I am a flutemaker and I am experimenting some with a new type of flute…new to me that is.Anyhow I need to make a jig where I can hold a flute which would be a 1 1/2" square by 30" or so inches. I may at some point decide to turn the flute on the lathe to its shape and then cut a groove about 2" or so long in the top.I need to be able to look really good at what I am doing so putting it on a regular router table won't work for me.It would be good if I have the router on top and can look down sort of from the side at what I am cutting. Basically like a milling machine.Thanks for any ideas!!


----------



## wuddoc (Mar 21, 2008)

Check out Lumberjock JLB and his fluting on a lather fixture.

http://lumberjocks.com/projects/89695


----------



## MikeTurner (Jun 30, 2012)

I am wanting to know the set up and the router bit to round over a blank 1 1/2" square to round stock approx 1 1/8" . Like routing making a dowel rod!

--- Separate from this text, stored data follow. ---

lemma frob_sq_ME:
  assumes "\<And>j k. j < L \<Longrightarrow> k < p j \<Longrightarrow> frob_sq (ell j) (q j) (E j k) = 1"
    and "\<And>j k l r c. j < L \<Longrightarrow> k < p j \<Longrightarrow> l < p j \<Longrightarrow> k \<noteq> l \<Longrightarrow> r < ell j \<Longrightarrow> c < q j
           \<Longrightarrow> E j k r c = 0 \<or> E j l r c = 0"
  shows "frob_sq (m * (\<Prod>j<L. ell j)) (n * (\<Prod>j<L. q j)) (ME m n L ell q p E X)
       = (\<Sum>is\<in>idxs L p. frob_sq m n (\<lambda>a b. X a is b))"
  using assms
proof (induction L arbitrary: ell q p E X)
  case 0
  then show ?case by (simp add: idxs_0 ME_def kron_factors_def)
next
  case (Suc L)
  define R where "R = m * (\<Prod>j<L. ell (Suc j))"
  define C where "C = n * (\<Prod>j<L. q (Suc j))"
  define Z where
    "Z k = ME m n L (ell \<circ> Suc) (q \<circ> Suc) (p \<circ> Suc) (E \<circ> Suc) (\<lambda>a is b. X a (k # is) b)" for k
  have dims: "m * (\<Prod>j<Suc L. ell j) = ell 0 * R" "n * (\<Prod>j<Suc L. q j) = q 0 * C"
    unfolding R_def C_def prod.lessThan_Suc_shift by simp_all
  have "frob_sq (ell 0 * R) (q 0 * C) (ME m n (Suc L) ell q p E X)
      = (\<Sum>k<p 0. frob_sq (ell 0 * R) (q 0 * C) (kron R C (E 0 k) (Z k)))"
    unfolding ME_Suc R_def[symmetric] C_def[symmetric] Z_def[symmetric]
  proof (rule frob_sq_sum_disjoint_supports)
    fix k l r c
    assume "k \<in> {..<p 0}" "l \<in> {..<p 0}" "k \<noteq> l" "r < ell 0 * R" "c < q 0 * C"
    then have "E 0 k (r div R) (c div C) = 0 \<or> E 0 l (r div R) (c div C) = 0"
      by (intro Suc.prems(2)) (auto simp: less_mult_imp_div_less)
    then show "kron R C (E 0 k) (Z k) r c = 0 \<or> kron R C (E 0 l) (Z l) r c = 0"
      by (auto simp: kron_def)
  qed simp
  also have "\<dots> = (\<Sum>k<p 0. frob_sq R C (Z k))"
    by (simp add: frob_sq_kron Suc.prems(1)[of 0])
  also have "\<dots> = (\<Sum>k<p 0. \<Sum>is\<in>idxs L (p \<circ> Suc). frob_sq m n (\<lambda>a b. X a (k # is) b))"
  proof (intro sum.cong refl)
    fix k
    have "frob_sq (m * (\<Prod>j<L. (ell \<circ> Suc) j)) (n * (\<Prod>j<L. (q \<circ> Suc) j)) (Z k)
        = (\<Sum>is\<in>idxs L (p \<circ> Suc). frob_sq m n (\<lambda>a b. X a (k # is) b))"
      unfolding Z_def by (rule Suc.IH) (simp_all add: Suc.prems)
    then show "frob_sq R C (Z k) = (\<Sum>is\<in>idxs L (p \<circ> Suc). frob_sq m n (\<lambda>a b. X a (k # is) b))"
      by (simp add: R_def C_def)
  qed
  finally show ?case
    unfolding dims sum_idxs_Suc .
qed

Thanks!


----------



## gwilki (May 14, 2014)

Mike: You are talking about a musical instrument flute, not cutting flutes onto a piece of wood, yes?

What problem are you experiencing with using a table mounted router to cut the groove? You say that you need to look really good. Do you mean that you need to see the piece better than you can using a router table? With a good fence on a router table, routing a groove down the length of a piece of square stock is a fairly simple operation. You can do the same with a hand held router, simply clamping the piece onto a bench top, but you won't see much more of the action.


----------



## MikeTurner (Jun 30, 2012)

I make flutes. I just need to be able to see what I am doing. This groove, somewhat of a flat spot with a groove in it could be done with knives ,gouges etc.It is only about 2" long .It would just be good to have a simple set up for this.


----------



## cicerojoe (Dec 19, 2008)

This guy mounts a router a router in the table of the drill press and then inserts wood into the chuck of the drill. I think it is the reverse configuration of what you are talking about , but it might give you insight. I think you might also want to look at a "overhead pin routers".


----------



## Lazyman (Aug 8, 2014)

Router table is the best way to cut a groove in something that narrow. You don't really need to see what you are cutting. You simply need a way to control the starts and stop. An easy way to do that is with stop blocks. If you are cutting in from the end, you just need one stop block. If the groove doesn't go to the end , in other words 2" long somewhere in the middle, you just need stop blocks at each end to control the total length. Set on end against one stop, with other end in the air, and lower the piece onto the spinning bit. You then slide it along the fence until you hit the other stop block.


----------



## Lazyman (Aug 8, 2014)

> I am wanting to know the set up and the router bit to round over a blank 1 1/2" square to round stock approx 1 1/8" . Like routing making a dowel rod! Thanks!
> 
> - Mike Turner


This is a different problem than cutting a 2" slot. To turn a square blank into a dowel, you can easily use a round over bit with the right radius on the router table. You will need a 9/16" roundover bit to get a 1 1/8" dowel.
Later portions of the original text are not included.